🤖 AI Summary
This work proposes ZSSD, a zero-shot statistical downscaling framework that addresses the limitations of traditional methods—such as reliance on paired training data and poor generalization across global climate models (GCMs)—and overcomes physical inconsistencies and vanishing gradients in existing zero-shot approaches under large-scale forcing. ZSSD requires no paired data; instead, it learns physically consistent climate priors from reanalysis datasets and incorporates geographic boundaries and temporal information into a conditional generative model. A unified coordinate-guided mechanism and a diffusion posterior sampling (DPS)-based generation strategy are introduced to mitigate gradient vanishing and ensure consistency with large-scale atmospheric fields. Experiments demonstrate that ZSSD significantly outperforms current zero-shot baselines in 99th-percentile error metrics, faithfully reconstructs extreme events such as tropical cyclones, and enables robust inference across heterogeneous GCMs.
📝 Abstract
Conventional supervised climate downscaling struggles to generalize to Global Climate Models (GCMs) due to the lack of paired training data and inherent domain gaps relative to reanalysis. Meanwhile, current zero-shot methods suffer from physical inconsistencies and vanishing gradient issues under large scaling factors. We propose Zero-Shot Statistical Downscaling (ZSSD), a zero-shot framework that performs statistical downscaling without paired data during training.

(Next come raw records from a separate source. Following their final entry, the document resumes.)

lemma assoc_subalgebra_right_stabilizer:
  assumes R: "assoc_subalgebra s R" and hom: "\<And>\<rho>. \<rho> \<in> Y \<Longrightarrow> module_hom s s \<rho>"
    and zero: "(\<lambda>_. 0) \<in> Y"
    and add: "\<And>f g. f \<in> Y \<Longrightarrow> g \<in> Y \<Longrightarrow> (\<lambda>v. f v + g v) \<in> Y"
    and scale: "\<And>c f. f \<in> Y \<Longrightarrow> (\<lambda>v. s c (f v)) \<in> Y"
  shows "assoc_subalgebra s {g \<in> R. \<forall>\<rho>\<in>Y. \<rho> \<circ> g \<in> Y}"
  unfolding assoc_subalgebra_def
proof (intro conjI ballI allI)
  have "\<rho> \<circ> (\<lambda>_. 0) \<in> Y" if "\<rho> \<in> Y" for \<rho>
    using hom[OF that] zero by (simp add: o_def module_hom.zero)
  then show "(\<lambda>_. 0) \<in> {g \<in> R. \<forall>\<rho>\<in>Y. \<rho> \<circ> g \<in> Y}"
    using R unfolding assoc_subalgebra_def by blast
next
  fix f g assume f: "f \<in> {g \<in> R. \<forall>\<rho>\<in>Y. \<rho> \<circ> g \<in> Y}" and g: "g \<in> {g \<in> R. \<forall>\<rho>\<in>Y. \<rho> \<circ> g \<in> Y}"
  have "\<rho> \<circ> (\<lambda>v. f v + g v) \<in> Y" if "\<rho> \<in> Y" for \<rho>
    using hom[OF that] add[of "\<rho> \<circ> f" "\<rho> \<circ> g"] f g that by (simp add: o_def module_hom.add)
  then show "(\<lambda>v. f v + g v) \<in> {g \<in> R. \<forall>\<rho>\<in>Y. \<rho> \<circ> g \<in> Y}"
    using R f g unfolding assoc_subalgebra_def by blast
  have "\<rho> \<circ> (f \<circ> g) \<in> Y" if "\<rho> \<in> Y" for \<rho>
    using f g that by (simp add: comp_assoc[symmetric])
  then show "f \<circ> g \<in> {g \<in> R. \<forall>\<rho>\<in>Y. \<rho> \<circ> g \<in> Y}"
    using R f g unfolding assoc_subalgebra_def by blast
next
  fix c f assume f: "f \<in> {g \<in> R. \<forall>\<rho>\<in>Y. \<rho> \<circ> g \<in> Y}"
  have "\<rho> \<circ> (\<lambda>v. s c (f v)) \<in> Y" if "\<rho> \<in> Y" for \<rho>
    using hom[OF that] scale[of "\<rho> \<circ> f"] f that by (simp add: o_def module_hom.scale)
  then show "(\<lambda>v. s c (f v)) \<in> {g \<in> R. \<forall>\<rho>\<in>Y. \<rho> \<circ> g \<in> Y}"
    using R f unfolding assoc_subalgebra_def by blast
qed

definition sandwich_annihilator :: "('q::zero \<Rightarrow> 'q) set \<Rightarrow> ('q \<Rightarrow> 'q) set \<Rightarrow> ('q \<Rightarrow> 'q) set" where
  "sandwich_annihilator R I = {\<rho> \<in> R. \<forall>\<mu>1\<in>I. \<forall>\<mu>2\<in>I. \<mu>1 \<circ> \<rho> \<circ> \<mu>2 = (\<lambda>_. 0)}"

lemma sandwich_annihilator_closed:
  fixes s :: "'r::comm_ring_1 \<Rightarrow> 'q::ab_group_add \<Rightarrow> 'q"
  assumes R: "assoc_subalgebra s R" and hom: "\<And>\<mu>. \<mu> \<in> I \<Longrightarrow> module_hom s s \<mu>"
  shows "(\<lambda>_. 0) \<in> sandwich_annihilator R I"
    and "f \<in> sandwich_annihilator R I \<Longrightarrow> g \<in> sandwich_annihilator R I
      \<Longrightarrow> (\<lambda>v. f v + g v) \<in> sandwich_annihilator R I"
    and "f \<in> sandwich_annihilator R I
      \<Longrightarrow> (\<lambda>v. s c (f v)) \<in> sandwich_annihilator R I"
proof -
  have R_closed: "(\<lambda>_. 0) \<in> R" "f \<in> R \<Longrightarrow> g \<in> R \<Longrightarrow> (\<lambda>v. f v + g v) \<in> R"
    "f \<in> R \<Longrightarrow> (\<lambda>v. s c (f v)) \<in> R" for f g
    using R unfolding assoc_subalgebra_def by blast+
  show "(\<lambda>_. 0) \<in> sandwich_annihilator R I"
    using R_closed(1) hom[THEN module_hom.zero]
    unfolding sandwich_annihilator_def by (simp add: fun_eq_iff)
  show "(\<lambda>v. f v + g v) \<in> sandwich_annihilator R I"
    if f: "f \<in> sandwich_annihilator R I" and g: "g \<in> sandwich_annihilator R I"
  proof -
    have "\<mu>1 \<circ> (\<lambda>v. f v + g v) \<circ> \<mu>2 = (\<lambda>_. 0)" if "\<mu>1 \<in> I" "\<mu>2 \<in> I" for \<mu>1 \<mu>2
      using f g that hom[OF that(1)] unfolding sandwich_annihilator_def
      by (auto simp: fun_eq_iff module_hom.add)
    then show ?thesis
      using f g R_closed(2) unfolding sandwich_annihilator_def by blast
  qed
  show "(\<lambda>v. s c (f v)) \<in> sandwich_annihilator R I" if f: "f \<in> sandwich_annihilator R I"
  proof -
    have "\<mu>1 \<circ> (\<lambda>v. s c (f v)) \<circ> \<mu>2 = (\<lambda>_. 0)" if "\<mu>1 \<in> I" "\<mu>2 \<in> I" for \<mu>1 \<mu>2
    proof -
      have "module s"
        using hom[OF that(1)] module_hom_iff by blast
      then show ?thesis
        using f that hom[OF that(1)] unfolding sandwich_annihilator_def
        by (auto simp: fun_eq_iff module_hom.scale module.scale_zero_right)
    qed
    then show ?thesis
      using f R_closed(3) unfolding sandwich_annihilator_def by blast
  qed
qed

lemma lie_algebra_module: "lie_algebra s br \<Longrightarrow> module s"
  by (simp add: lie_algebra_def)

lemma lie_algebra_module_hom_bracket: "lie_algebra s br \<Longrightarrow> module_hom s s (br x)"
  by (simp add: lie_algebra_def module_hom_iff)

lemma lie_bracket_antisym:
  assumes "lie_algebra s br"
  shows "br x y = - br y x"
proof -
  have l: "br (x + y) z = br x z + br y z" and r: "br z (x + y) = br z x + br z y"
    and d: "br z z = 0" for x y z
    using assms unfolding lie_algebra_def by blast+
  have "br (x + y) (x + y) = br x x + br x y + (br y x + br y y)"
    by (simp add: l r ac_simps)
  then have "br x y + br y x = 0"
    by (simp add: d)
  then show ?thesis
    by (simp add: eq_neg_iff_add_eq_0)
qed

lemma id_in_M_alg: "id \<in> M_alg s br"
  unfolding M_alg_def by (simp add: assoc_gen.gen)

ZSSD leverages a Physics-Consistent Climate Prior learned from reanalysis data, conditioned on geophysical boundaries and temporal information to enforce physical validity. Furthermore, to enable robust inference across varying GCMs, we introduce Unified Coordinate Guidance. This strategy addresses the vanishing gradient problem in vanilla DPS and ensures consistency with large-scale fields. Results show that ZSSD significantly outperforms existing zero-shot baselines in 99th percentile errors and successfully reconstructs complex weather events, such as tropical cyclones, across heterogeneous GCMs.